Stewart Jelena, Ware Jeffrey, Boysen Cecilie, Gulati Sandeep, Zhou Zhaozong, Rosenfeld Simon, Kopelovich Levy, Kennedy Ann R
Department of Radiation Oncology, University of Pennsylvania School of Medicine, Philadelphia, PA 19104-6072, USA.
Nutr Cancer. 2008;60(6):826-36. doi: 10.1080/01635580802090193.

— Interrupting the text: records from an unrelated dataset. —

definition outer :: "real vec \<Rightarrow> real mat" where
  "outer a = mat (dim_vec a) (dim_vec a) (\<lambda>(i,j). a $ i * a $ j)"

(* P_k(mu_k) = I - mu_k a_k a_k^T / ||a_k||^2  (rows indexed 0..m-1) *)
definition Pmat :: "real mat \<Rightarrow> (nat \<Rightarrow> real) \<Rightarrow> nat \<Rightarrow> real mat" where
  "Pmat A u k = 1\<^sub>m (dim_col A) -
     (u k / (vnorm2 (row A k))\<^sup>2) \<cdot>\<^sub>m outer (row A k)"

(* Qfrom A u j = P_{m-1} * ... * P_j  (identity if j >= m) *)
definition Qfrom :: "real mat \<Rightarrow> (nat \<Rightarrow> real) \<Rightarrow> nat \<Rightarrow> real mat" where
  "Qfrom A u j = foldr (\<lambda>k M. M * Pmat A u k) [j..<dim_row A] (1\<^sub>m (dim_col A))"

definition Qmat :: "real mat \<Rightarrow> (nat \<Rightarrow> real) \<Rightarrow> real mat" where
  "Qmat A u = Qfrom A u 0"

definition A_S :: "real mat \<Rightarrow> (nat \<Rightarrow> real) \<Rightarrow> real mat" where
  "A_S A u = mat (dim_row A) (dim_col A) (\<lambda>(i,j). (Qfrom A u (Suc i) *\<^sub>v row A i) $ j)"

definition Lambda_mat :: "nat \<Rightarrow> (nat \<Rightarrow> real) \<Rightarrow> real mat" where
  "Lambda_mat m u = mat m m (\<lambda>(i,j). if i = j then u i else 0)"

definition M_mat :: "real mat \<Rightarrow> real mat" where
  "M_mat A = mat (dim_row A) (dim_row A)
     (\<lambda>(i,j). if i = j then 1 / (vnorm2 (row A i))\<^sup>2 else 0)"

definition singular_value :: "real mat \<Rightarrow> real \<Rightarrow> bool" where
  "singular_value Q s \<longleftrightarrow> s \<ge> 0 \<and> eigenvalue (transpose_mat Q * Q) (s\<^sup>2)"

(* max of the singular values lying strictly in (0,1); 0 if there are none *)
definition max_sv01 :: "real mat \<Rightarrow> real" where
  "max_sv01 Q = Max (insert 0 {s. singular_value Q s \<and> 0 < s \<and> s < 1})"

definition lsq_solution :: "real mat \<Rightarrow> real vec \<Rightarrow> real vec \<Rightarrow> bool" where
  "lsq_solution A b x \<longleftrightarrow> x \<in> carrier_vec (dim_col A) \<and>
     (\<forall>z \<in> carrier_vec (dim_col A). vnorm2 (A *\<^sub>v x - b) \<le> vnorm2 (A *\<^sub>v z - b))"

definition min_norm_lsq :: "real mat \<Rightarrow> real vec \<Rightarrow> real vec \<Rightarrow> bool" where
  "min_norm_lsq A b x \<longleftrightarrow> lsq_solution A b x \<and>
     (\<forall>z. lsq_solution A b z \<longrightarrow> vnorm2 x \<le> vnorm2 z)"

definition proj_null :: "real mat \<Rightarrow> real vec \<Rightarrow> real vec" where
  "proj_null A y = (THE p. p \<in> carrier_vec (dim_col A) \<and> A *\<^sub>v p = 0\<^sub>v (dim_row A) \<and>
      (\<forall>z \<in> carrier_vec (dim_col A). A *\<^sub>v z = 0\<^sub>v (dim_row A) \<longrightarrow> (y - p) \<bullet> z = 0))"

end

theory Submission
  imports Defs "HOL-Analysis.Function_Topology"
begin

(* Each P_k is symmetric, fixes the hyperplane orthogonal to a_k and, since 0 < mu_k < 2,
   strictly shortens every vector not orthogonal to a_k. Hence Q = P_m ... P_1 is a contraction
   whose isometric vectors are exactly N(A), and both Q and Q^T fix N(A). Telescoping
   Q_j = Q_(j+1) P_j gives I - Q = A_S^T Lambda M A = A^T C^T Lambda M A, so the error satisfies
   e_k = Q e_(k-1) and stays orthogonal to N(A). On the Q^T Q-invariant subspace N(A)^perp, the
   quadratic form of Q^T Q is maximised on the unit sphere by an eigenvector, whose eigenvalue
   l is < 1 because eigenvalue 1 would make it isometric; so l = 0 or sqrt l is a singular value
   in (0,1), and |Q e| <= max sigma |e| there. The maximiser, like the orthogonal projection onto
   N(A), is obtained by compactness of closed bounded sets of coordinate vectors. *)

section \<open>Real vectors and inner products\<close>

lemma smult_zero_vec [simp]: "(k :: 'a :: mult_zero) \<cdot>\<^sub>v 0\<^sub>v n = 0\<^sub>v n"
  by (rule eq_vecI) auto

lemma index_mult_mat_vec_sum:
  "M \<in> carrier_mat k n \<Longrightarrow> v \<in> carrier_vec n \<Longrightarrow> i < k \<Longrightarrow> (M *\<^sub>v v) $ i = (\<Sum>j<n. M $$ (i, j) * v $ j)"
  by (simp add: scalar_prod_def lessThan_atLeast0 row_def)

lemma mult_mat_vec_eq_0_iff:
  "A \<in> carrier_mat m n \<Longrightarrow> A *\<^sub>v x = 0\<^sub>v m \<longleftrightarrow> (\<forall>i<m. row A i \<bullet> x = 0)"
  by (auto simp: vec_eq_iff)

lemma sprod_self_nonneg: "0 \<le> (v :: real vec) \<bullet> v"
  using conjugate_square_ge_0_vec[of v] by simp

lemma sprod_self_eq_0_iff: "(v :: real vec) \<in> carrier_vec n \<Longrightarrow> v \<bullet> v = 0 \<longleftrightarrow> v = 0\<^sub>v n"
  using conjugate_square_eq_0_vec[of v n] by simp

lemma sprod_self_pos_iff: "(v :: real vec) \<in> carrier_vec n \<Longrightarrow> 0 < v \<bullet> v \<longleftrightarrow> v \<noteq> 0\<^sub>v n"
  using conjugate_square_greater_0_vec[of v n] by simp

lemma vnorm2_sq: "(vnorm2 v)\<^sup>2 = v \<bullet> v"
  unfolding vnorm2_def by (simp add: sprod_self_nonneg)

lemma vnorm2_le_scaled:
  assumes "v \<bullet> v \<le> s\<^sup>2 * (w \<bullet> w)" and "0 \<le> s"
  shows "vnorm2 v \<le> s * vnorm2 w"
proof -
  have "vnorm2 v \<le> sqrt (s\<^sup>2 * (w \<bullet> w))"
    unfolding vnorm2_def using assms(1) by (rule real_sqrt_le_mono)
  also have "\<dots> = s * vnorm2 w"
    unfolding vnorm2_def using assms(2) by (simp add: real_sqrt_mult)
  finally show ?thesis .
qed

lemma sprod_add_smult_expand:
  fixes a b c d :: "real vec"
  assumes "a \<in> carrier_vec n" "b \<in> carrier_vec n" "c \<in> carrier_vec n" "d \<in> carrier_vec n"
  shows "(a + t \<cdot>\<^sub>v b) \<bullet> (c + t \<cdot>\<^sub>v d) = a \<bullet> c + t * (a \<bullet> d) + t * (b \<bullet> c) + t\<^sup>2 * (b \<bullet> d)"
  using assms
  by (simp add: add_scalar_prod_distrib[of _ n] scalar_prod_add_distrib[of _ n]
      power2_eq_square algebra_simps)

lemma sprod_minus_self:
  fixes u v :: "real vec"
  assumes "u \<in> carrier_vec n" "v \<in> carrier_vec n"
  shows "(u - v) \<bullet> (u - v) = u \<bullet> u - 2 * (u \<bullet> v) + v \<bullet> v"
  using assms by (simp add: minus_scalar_prod_distrib[of _ n] scalar_prod_minus_distrib[of _ n]
      comm_scalar_prod[of v n u])

lemma linear_coeff_eq_0_if_quadratic_nonneg:
  fixes c d :: real
  assumes "\<And>t. 0 \<le> t * c + t\<^sup>2 * d"
  shows "c = 0"
proof (rule ccontr)
  assume "c \<noteq> 0"
  define r where "r = \<bar>d\<bar> + 1"
  have r: "r > 0" "d < r" unfolding r_def by auto
  have "0 \<le> (- c / r) * c + (- c / r)\<^sup>2 * d" by (rule assms)
  also have "\<dots> = c\<^sup>2 * (d - r) / r\<^sup>2"
    using r by (simp add: field_simps power2_eq_square)
  also have "\<dots> < 0"
    using r \<open>c \<noteq> 0\<close> by (intro divide_neg_pos mult_pos_neg) auto
  finally show False by simp
qed

lemma orthogonal_if_nearest:
  fixes y p z :: "real vec"
  assumes y: "y \<in> carrier_vec n" and p: "p \<in> carrier_vec n" and z: "z \<in> carrier_vec n"
    and nearest: "\<And>t. (y - p) \<bullet> (y - p) \<le> (y - (p + t \<cdot>\<^sub>v z)) \<bullet> (y - (p + t \<cdot>\<^sub>v z))"
  shows "(y - p) \<bullet> z = 0"
proof -
  have "0 \<le> t * (- 2 * ((y - p) \<bullet> z)) + t\<^sup>2 * (z \<bullet> z)" for t
  proof -
    have "y - (p + t \<cdot>\<^sub>v z) = (y - p) + (- t) \<cdot>\<^sub>v z"
      using y p z by (auto simp: vec_eq_iff)
    then have "(y - (p + t \<cdot>\<^sub>v z)) \<bullet> (y - (p + t \<cdot>\<^sub>v z))
        = (y - p) \<bullet> (y - p) + t * (- 2 * ((y - p) \<bullet> z)) + t\<^sup>2 * (z \<bullet> z)"
      using sprod_add_smult_expand[of "y - p" n z "y - p" z "- t"] comm_scalar_prod[of z n "y - p"] y p z
      by simp
    then show ?thesis using nearest[of t] by simp
  qed
  then show ?thesis using linear_coeff_eq_0_if_quadratic_nonneg by fastforce
qed

lemma sprod_minus_self_lower:
  fixes y q :: "real vec"
  assumes y: "y \<in> carrier_vec n" and q: "q \<in> carrier_vec n"
  shows "q \<bullet> q / 2 - y \<bullet> y \<le> (y - q) \<bullet> (y - q)"
proof -
  have "(\<Sum>i<n. q $ i * q $ i / 2 - y $ i * y $ i) \<le> (\<Sum>i<n. (y $ i - q $ i) * (y $ i - q $ i))"
  proof (rule sum_mono)
    fix i
    show "q $ i * q $ i / 2 - y $ i * y $ i \<le> (y $ i - q $ i) * (y $ i - q $ i)"
      using sum_squares_ge_zero[of "2 * y $ i - q $ i" 0] by (simp add: algebra_simps power2_eq_square)
  qed
  then show ?thesis using y q
    by (simp add: scalar_prod_def lessThan_atLeast0 sum_subtractf sum_divide_distrib)
qed

section \<open>Maxima on closed bounded sets of vectors\<close>

lemma abs_le_square_plus_one: "\<bar>a :: real\<bar> \<le> a\<^sup>2 + 1"
proof -
  have "0 \<le> (\<bar>a\<bar> - 1)\<^sup>2" by simp
  then have "2 * \<bar>a\<bar> \<le> a * a + 1" by (simp add: power2_eq_square algebra_simps)
  then show ?thesis using zero_le_square[of a] by (simp add: power2_eq_square)
qed

abbreviation coord_topology :: "nat \<Rightarrow> (nat \<Rightarrow> real) topology" where
  "coord_topology n \<equiv> product_topology (\<lambda>_. euclideanreal) {..<n}"

definition coords :: "nat \<Rightarrow> real vec \<Rightarrow> nat \<Rightarrow> real" where
  "coords n x = restrict (($) x) {..<n}"

lemma coords_in_topspace: "coords n x \<in> topspace (coord_topology n)"
  by (simp add: coords_def topspace_product_topology)

lemma vec_coords: "x \<in> carrier_vec n \<Longrightarrow> vec n (coords n x) = x"
  by (auto simp: coords_def)

lemma sprod_vec_eq_sum: "v \<in> carrier_vec n \<Longrightarrow> vec n g \<bullet> v = (\<Sum>i<n. g i * v $ i)"
  by (simp add: scalar_prod_def lessThan_atLeast0)

lemma continuous_map_sprod_vec:
  assumes "v \<in> carrier_vec n"
  shows "continuous_map (coord_topology n) euclideanreal (\<lambda>g. vec n g \<bullet> v)"
  unfolding sprod_vec_eq_sum[OF assms]
  by (intro continuous_map_sum continuous_map_real_mult continuous_map_const[THEN iffD2]
      continuous_map_product_projection) auto

lemma continuous_map_quadratic_form:
  assumes B: "B \<in> carrier_mat n n"
  shows "continuous_map (coord_topology n) euclideanreal (\<lambda>g. vec n g \<bullet> (B *\<^sub>v vec n g))"
proof -
  have "(\<lambda>g. vec n g \<bullet> (B *\<^sub>v vec n g)) = (\<lambda>g. \<Sum>i<n. g i * (\<Sum>j<n. B $$ (i, j) * g j))"
    using B by (simp add: sprod_vec_eq_sum scalar_prod_def lessThan_atLeast0 row_def)
  then show ?thesis
    by (simp only:) (intro continuous_map_sum continuous_map_real_mult
        continuous_map_const[THEN iffD2] continuous_map_product_projection; simp)
qed

lemma closedin_coords_orthogonal:
  assumes f: "continuous_map (coord_topology n) euclideanreal (\<lambda>g. f (vec n g))"
    and S: "closed S" and Z: "Z \<subseteq> carrier_vec n"
  shows "closedin (coord_topology n)
    {g \<in> topspace (coord_topology n). f (vec n g) \<in> S \<and> (\<forall>z\<in>Z. vec n g \<bullet> z = 0)}"
proof -
  have "closedin (coord_topology n) {g \<in> topspace (coord_topology n). f (vec n g) \<in> S}"
    by (rule closedin_continuous_map_preimage[OF f]) (use S in simp)
  moreover have "closedin (coord_topology n) {g \<in> topspace (coord_topology n). vec n g \<bullet> z \<in> {0}}"
    if "z \<in> Z" for z
    using that Z by (intro closedin_continuous_map_preimage[OF continuous_map_sprod_vec]) auto
  ultimately have "closedin (coord_topology n)
      (\<Inter> (insert {g \<in> topspace (coord_topology n). f (vec n g) \<in> S}
        ((\<lambda>z. {g \<in> topspace (coord_topology n). vec n g \<bullet> z \<in> {0}}) ` Z)))"
    by (intro closedin_Inter) blast+
  moreover have "\<Inter> (insert {g \<in> topspace (coord_topology n). f (vec n g) \<in> S}
        ((\<lambda>z. {g \<in> topspace (coord_topology n). vec n g \<bullet> z \<in> {0}}) ` Z))
    = {g \<in> topspace (coord_topology n). f (vec n g) \<in> S \<and> (\<forall>z\<in>Z. vec n g \<bullet> z = 0)}"
    by blast
  ultimately show ?thesis by simp
qed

We previously characterized three cell clones that were derived by limiting dilution from a human prostate cancer cell line (LNCaP) representing a phenotypic continuum of cancer progression (1). The present study was undertaken to examine the effects of L-selenomethionine (SeM), a potential cancer chemopreventive agent, on the gene expression profile of the cultured cell clones. Following a three-day incubation period with SeM, total RNA was extracted, and the gene expression profile was evaluated using Affymetrix human HG U133A microarrays and analyzed by ViaLogy's (Altadena, CA) VMAxS platform deploying quantum resonance interferometry (QRI) processing. The differentially expressed genes and corresponding biological processes were compared across the different treatments and cell types. Whereas SeM significantly affected RNA-DNA metabolism and protein transport and metabolism in all of the cell types evaluated, significant effects of SeM on genes mainly involved in the pathways of cell cycle, growth, differentiation, and apoptosis were observed only in the cell clone with a more malignant phenotype.
我们之前鉴定了三个细胞克隆,它们是通过有限稀释法从代表癌症进展表型连续体的人前列腺癌细胞系(LNCaP)中获得的(1)。本研究旨在检测潜在的癌症化学预防剂L-硒代蛋氨酸(SeM)对培养的细胞克隆基因表达谱的影响。在用SeM孵育三天后,提取总RNA,并使用Affymetrix人类HG U133A微阵列评估基因表达谱,并通过部署量子共振干涉测量(QRI)处理的ViaLogy公司(加利福尼亚州阿尔塔迪纳)的VMAxS平台进行分析。比较了不同处理和细胞类型之间差异表达的基因及相应的生物学过程。虽然SeM在所有评估的细胞类型中均显著影响RNA-DNA代谢以及蛋白质转运和代谢,但仅在具有更恶性表型的细胞克隆中观察到SeM对主要参与细胞周期、生长、分化和凋亡途径的基因有显著影响。